Activation functions play pivotal role in neural networks. As an alternative to hyperbolic tangent, softsign is an activation function for neural networks. Even though tanh and softsign functions are closely related, tanh converges exponentially whereas softsign converges polynomially. Even though softsign appears in literature, it would not be adopted in practice as much as tanh.

Softsign function: y = x / (1 + |x|)

The both tanh and softsign functions produce outputs in scale of [-1, +1].

## Derivative

We need the function’s partial derivative to backpropagate.
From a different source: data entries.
(* Let $T>0$ and $u\in\mathcal{VT}_1^+(T)$. Then: (1) $\lim_{|\mathbf{x}|\to\infty}u(\mathbf{x})=0$ and there is $\mathbf{z}_0\in\mathbb{R}^N$ such that for all $\mathbf{x}$, $0<u(\mathbf{z}_0)e^{-|\mathbf{x}-\mathbf{z}_0|^2/(4T)}\le u(\mathbf{x})\le u(\mathbf{z}_0)\le(4\pi T)^{-N/2}$; (2) $\lim_{|\mathbf{x}|\to\infty}|\nabla u(\mathbf{x})|=0$ and for all $\mathbf{x}$, $|\nabla u(\mathbf{x})|^2\le\frac{4\pi}{e}(4\pi T)^{-\frac{N+2}{2}}u(\mathbf{x})\le\frac{4\pi}{e}(4\pi T)^{-N-1}$; (3) $|\nabla^2u|\in L^1(\mathbb{R}^N)$ and there is $C_1=C_1(N)>0$ with $\int_{\mathbb{R}^N}|\nabla^2u|\,d\mathcal{L}^N\le C_1T^{-1}$.
   Context: For positive $U\in C^2(\mathbb{R}^N)$, $\tau(U)=\sup\{\tau\ge0:2\tau\nabla^2\log U+g_{\mathbb{R}}\ge0\}$ (inequality of symmetric matrices); $\mathcal{VT}_1^+(T)=\{u\in C^2\cap L^1(\mathbb{R}^N):u>0,\tau(u)\ge T,\int_{\mathbb{R}^N}u\,d\mathcal{L}^N=1\}$. *)

theory Defs
  imports "HOL-Analysis.Analysis"
begin

definition grad :: "(real^'n \<Rightarrow> real) \<Rightarrow> real^'n \<Rightarrow> real^'n" where
  "grad f x = (\<chi> i. frechet_derivative f (at x) (axis i 1))"

definition hess :: "(real^'n \<Rightarrow> real) \<Rightarrow> real^'n \<Rightarrow> real^'n^'n" where
  "hess f x = (\<chi> i j. frechet_derivative (\<lambda>y. grad f y $ i) (at x) (axis j 1))"

definition C2 :: "(real^'n \<Rightarrow> real) \<Rightarrow> bool" where
  "C2 f \<longleftrightarrow> (\<forall>x. f differentiable (at x)) \<and> (\<forall>x. grad f differentiable (at x))
            \<and> continuous_on UNIV (hess f)"

definition psd :: "real^'n^'n \<Rightarrow> bool" where
  "psd A \<longleftrightarrow> (\<forall>v. 0 \<le> v \<bullet> (A *v v))"

definition tau :: "(real^'n \<Rightarrow> real) \<Rightarrow> ereal" where
  "tau U = Sup (ereal ` {t. t \<ge> 0 \<and>
      (\<forall>x. psd ((2 * t) *\<^sub>R hess (\<lambda>y. ln (U y)) x + mat 1))})"

definition VT1plus :: "real \<Rightarrow> (real^'n \<Rightarrow> real) set" where
  "VT1plus T = {u. C2 u \<and> integrable lborel u \<and> (\<forall>x. u x > 0) \<and> tau u \<ge> ereal T
                  \<and> integral\<^sup>L lborel u = 1}"

end

theory Submission
  imports Defs "HOL-Probability.Distributions" "HOL-Real_Asymp.Real_Asymp"
begin

(* The hypothesis tau(u) >= T says that ln u + |x|^2/(4T) is convex, so
   u(x + v) >= u(x) exp(<grad u(x), v>/u(x) - |v|^2/(4T)).  Completing the square and
   integrating in v against the unit mass of u gives
   u(x) exp(T |grad u(x)|^2 / u(x)^2) <= (4 pi T)^(-N/2); this bounds u and, with
   ln y <= y/e, also |grad u|^2 / u.  Adding the lower bounds at v and -v bounds u(x) by the
   mass of u in the unit ball around x, so u vanishes at infinity and attains its maximum,
   where the gradient vanishes and the Gaussian lower bound follows.
   For the Hessian, v . hess u v >= -u |v|^2/(2T), so the diagonal entries of
   hess u + u/(2T) are nonnegative and control the whole matrix.  They are pointwise limits of
   nonnegative damped second differences whose integrals are at most 1/(2T), and Fatou's lemma
   gives the L^1 bound N^2/T. *)

section \<open>Gradient and Hessian along lines\<close>

lemma has_derivative_grad:
  fixes g :: "real^'n \<Rightarrow> real"
  assumes "g differentiable (at y)"
  shows "(g has_derivative (\<lambda>h. grad g y \<bullet> h)) (at y)"
proof -
  let ?D = "frechet_derivative g (at y)"
  have D: "(g has_derivative ?D) (at y)"
    using assms frechet_derivative_works by blast
  have "?D h = grad g y \<bullet> h" for h
  proof -
    have "?D h = ?D (\<Sum>i\<in>UNIV. h $ i *\<^sub>R axis i 1)"
      using basis_expansion[of h] by (simp add: scalar_mult_eq_scaleR)
    also have "\<dots> = (\<Sum>i\<in>UNIV. h $ i * ?D (axis i 1))"
      using has_derivative_linear[OF D] by (simp add: linear_sum linear_scale)
    finally show ?thesis
      by (simp add: grad_def inner_vec_def mult.commute)
  qed
  then have "?D = (\<lambda>h. grad g y \<bullet> h)" by (rule ext)
  with D show ?thesis by simp
qed

lemma grad_nth_eq_hess_row: "grad (\<lambda>y. grad g y $ i) y = hess g y $ i"
  by (simp add: grad_def hess_def vec_eq_iff)

lemma differentiable_grad_nth:
  "grad g differentiable (at y) \<Longrightarrow> (\<lambda>y. grad g y $ i) differentiable (at y)"
  using differentiable_chain_at[OF _ bounded_linear_imp_differentiable[OF bounded_linear_vec_nth]]
  by (simp add: o_def)

lemma has_real_derivative_along_line:
  fixes g :: "real^'n \<Rightarrow> real"
  assumes "g differentiable (at (x + t *\<^sub>R v))"
  shows "((\<lambda>t. g (x + t *\<^sub>R v)) has_real_derivative grad g (x + t *\<^sub>R v) \<bullet> v) (at t)"
proof -
  have "((\<lambda>t. x + t *\<^sub>R v) has_derivative (\<lambda>h. h *\<^sub>R v)) (at t)"
    by (auto intro!: derivative_eq_intros)
  from has_derivative_compose[OF this has_derivative_grad[OF assms]] show ?thesis
    by (simp add: has_field_derivative_def o_def mult.commute[of _ "grad g (x + t *\<^sub>R v) \<bullet> v"])
qed

lemma has_real_derivative_grad_along_line:
  fixes g :: "real^'n \<Rightarrow> real"
  assumes "grad g differentiable (at (x + t *\<^sub>R v))"
  shows "((\<lambda>t. grad g (x + t *\<^sub>R v) \<bullet> v) has_real_derivative v \<bullet> (hess g (x + t *\<^sub>R v) *v v)) (at t)"
proof -
  have "((\<lambda>t. \<Sum>i\<in>UNIV. v $ i * grad g (x + t *\<^sub>R v) $ i) has_real_derivative
        (\<Sum>i\<in>UNIV. v $ i * (hess g (x + t *\<^sub>R v) $ i \<bullet> v))) (at t)"
    using has_real_derivative_along_line[OF differentiable_grad_nth[OF assms]]
    by (intro DERIV_sum DERIV_cmult) (simp add: grad_nth_eq_hess_row)
  then show ?thesis
    by (simp add: inner_vec_def matrix_vector_mult_def mult.commute)
qed

lemma second_order_taylor:
  fixes g :: "real^'n \<Rightarrow> real"
  assumes "\<And>y. g differentiable (at y)" and "\<And>y. grad g differentiable (at y)"
  obtains t where "0 < t" "t < 1"
    "g (x + v) = g x + grad g x \<bullet> v + (v \<bullet> (hess g (x + t *\<^sub>R v) *v v)) / 2"
proof -
  define D where "D m = [\<lambda>t. g (x + t *\<^sub>R v), \<lambda>t. grad g (x + t *\<^sub>R v) \<bullet> v,
    \<lambda>t. v \<bullet> (hess g (x + t *\<^sub>R v) *v v)] ! m" for m
  have "DERIV (D m) t :> D (Suc m) t" if m: "m < 2" for m t
  proof -
    consider "m = 0" | "m = Suc 0" using m by (auto simp: less_2_cases_iff)
    then show ?thesis
      by cases (simp_all add: D_def has_real_derivative_along_line has_real_derivative_grad_along_line assms)
  qed
  from Taylor[of 2 D "D 0" 0 1 0 1] this obtain t where "0 < t" "t < 1"
    "D 0 1 = (\<Sum>m<2. D m 0 / fact m * (1 - 0) ^ m) + D 2 t / fact 2 * (1 - 0) ^ 2"
    by auto
  with that show ?thesis
    by (simp add: D_def numeral_2_eq_2)
qed

lemma inner_axis_matrix_vector_axis: "axis i 1 \<bullet> ((A::real^'n^'n) *v axis j 1) = A $ i $ j"
proof -
  have "(A *v axis j 1) $ i = A $ i $ j"
    by (simp add: matrix_vector_mult_def axis_def if_distrib cong: if_cong)
  then show ?thesis
    by (simp add: inner_axis')
qed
Remember quotient rule first. We would apply quotient rule to the function

dy/dx = [x’.(1 + |x|) – x.(1 + |x|)’] / (1 + |x|)^{2}

We have to find derivative of absolute x first. We’ve already known that the following statements are true

Before that we’ve already known that when x > 0, then |x|’ = 1

when x < 0, then |x|’ = -1

when x = 0, then |x|’= undefined because it has no slope in this point.

So |x|’ would be ±1 for x ≠0. We would express differently that result

|x|’ = dy/dx = (x^{2})^{1/2}

dy/dx = (1/2).(x^{2})^{1/2 – 1} .2x= (1/2). (x^{2})^{-1/2} .2x = (1/2).[1/(x^{2})^{1/2}].2x

We’ve already known that squared root of x squared is equal to the absolute x.

Let’s replace the following term (x^{2})^{1/2} = |x| in the equation above

dy/dx = (1/2).[1/|x|].2x = x/|x|

So, derivative of absolute x is equal to x over absolute x

|x|’ = x /|x|

Put the derivative term in main equation

dy/dx = [1.(1 + |x|) – x.(0 + |x|’)] / (1 + |x|)^{2}

dy/dx = [1.(1 + |x|) – x.(0 + x/|x|)] / (1 + |x|)^{2}

dy/dx = [(1 + |x|) – (x^{2} /|x|)] / (1 + |x|)^{2}

dy/dx = [(1 + |x|- (x^{2} /|x|)] / (1 + |x|)^{2}

Let’s put +3 and -3 to the x for the equation |x|- (x^{2} /|x|)

for x = +3 -> |3| – 3^{2}/|3| = 0

for x = -3 -> |-3| – [(-3)*(-3)/|-3|] = 3 – 9/3 = 0

The equation |x|- (x^{2} /|x|) is equal to the 0 for positive and negative values.

dy/dx = [(1 + |x|- (x^{2} /|x|)] / (1 + |x|)^{2}

dy/dx = [1 + 0] / (1 + |x|)^{2}

dy/dx = 1 / (1 + |x|)^{2}

So, softsign is one of the dozens of activation functions. Maybe it would not be adopted by professionals and this makes it uncommon. But do not forget that choice of the activation function is state-of-the-art. It might be the most convenient transfer function for your problem.